Investigating Memory Allocations in Rust
I recently stumbled upon a situation where I needed to parse strings containing
arithmetic expressions such as "2 + 3". The first thing I’ve done, of course,
was to check crates.io for “arithmetic eval”,
“expression eval”, etc. I found some crates like
eval,
evalexpr, and
meval but they all do more than what
I need.

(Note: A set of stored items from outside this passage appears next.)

lemma data_fit_ge_linearization:
  "(1 / real n) * (\<Sum>k<n. (resid z' k)\<^sup>2)
     \<ge> (1 / real n) * (\<Sum>k<n. (resid z k)\<^sup>2) + data_grad z \<bullet> (gram_diff z' - gram_diff z)"
proof -
  have "(resid z' k)\<^sup>2
      \<ge> (resid z k)\<^sup>2 + 2 * resid z k * (meas k \<bullet> (gram_diff z' - gram_diff z))" for k
  proof -
    have "resid z' k = resid z k + meas k \<bullet> (gram_diff z' - gram_diff z)"
      by (simp add: resid_def inner_diff_right)
    then show ?thesis
      by (simp add: power2_sum)
  qed
  then have "(\<Sum>k<n. (resid z' k)\<^sup>2)
      \<ge> (\<Sum>k<n. (resid z k)\<^sup>2 + 2 * resid z k * (meas k \<bullet> (gram_diff z' - gram_diff z)))"
    by (rule sum_mono)
  then have "(1 / real n) * (\<Sum>k<n. (resid z' k)\<^sup>2)
      \<ge> (1 / real n)
          * (\<Sum>k<n. (resid z k)\<^sup>2 + 2 * resid z k * (meas k \<bullet> (gram_diff z' - gram_diff z)))"
    by (rule mult_left_mono) simp
  then show ?thesis
    by (simp add: inner_data_grad sum.distrib sum_subtractf sum_distrib_left algebra_simps)
qed

lemma curv_U_columns:
  "2 * (data_grad z \<bullet> (M ** transpose M)) + lam * (M \<bullet> M)
     = (\<Sum>j\<in>UNIV. curv_U z (column j M))"
  by (simp add: matrix_mult_transpose_self_columns inner_self_columns[of M] curv_U_def
      inner_sum_right sum.distrib sum_distrib_left)

lemma curv_V_columns:
  "- 2 * (data_grad z \<bullet> (M ** transpose M)) + lam * (M \<bullet> M)
     = (\<Sum>j\<in>UNIV. curv_V z (column j M))"
  by (simp add: matrix_mult_transpose_self_columns inner_self_columns[of M] curv_V_def
      inner_sum_right sum_subtractf sum_distrib_left sum_negf)

lemma global_min_if_curv_nonneg:
  assumes "is_stationary loss z" and curv: "\<And>w. curv_U z w \<ge> 0" "\<And>w. curv_V z w \<ge> 0"
  shows "is_global_min loss z"
  unfolding is_global_min_def
proof
  fix z' :: "'d mat_pair"
  have "loss_deriv z z = 0"
    using assms(1) by (rule stationary_loss_deriv)
  then have euler:
      "(lam / 2) * (fst z \<bullet> fst z + snd z \<bullet> snd z) = - (data_grad z \<bullet> gram_diff z)"
    by (simp add: loss_deriv_def gram_diff_deriv_self)
  have "0 \<le> (\<Sum>j\<in>UNIV. curv_U z (column j (fst z')))"
    and "0 \<le> (\<Sum>j\<in>UNIV. curv_V z (column j (snd z')))"
    using curv by (simp_all add: sum_nonneg)
  then have "0 \<le> data_grad z \<bullet> gram_diff z'
      + (lam / 2) * (fst z' \<bullet> fst z' + snd z' \<bullet> snd z')"
    unfolding curv_U_columns[symmetric] curv_V_columns[symmetric]
    by (simp add: gram_diff_def inner_diff_right algebra_simps)
  then show "loss z \<le> loss z'"
    using data_fit_ge_linearization[of z z'] euler
    by (simp add: loss_def inner_diff_right algebra_simps)
qed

I generally like to avoid overhead and introducing too many or too big
dependencies if I don’t absolutely have to, but in this case I thought it would
be really nice to just have a simple, minimal crate that was capable of doing
this kind of simple arithmetic evaluation (containing only numbers, the 4 basic
operations, and parentheses). I also found other crates that were more aligned
to this idea, such as
pmalmgren/rust-calculator and
adriaN/simple_rust_parser,
but they are binaries instead of libraries. Long story short, the Rust ecosystem
seems to lack a dominant crate for parsing very simple arithmetic expressions
as fast as possible. So I decided to start my own.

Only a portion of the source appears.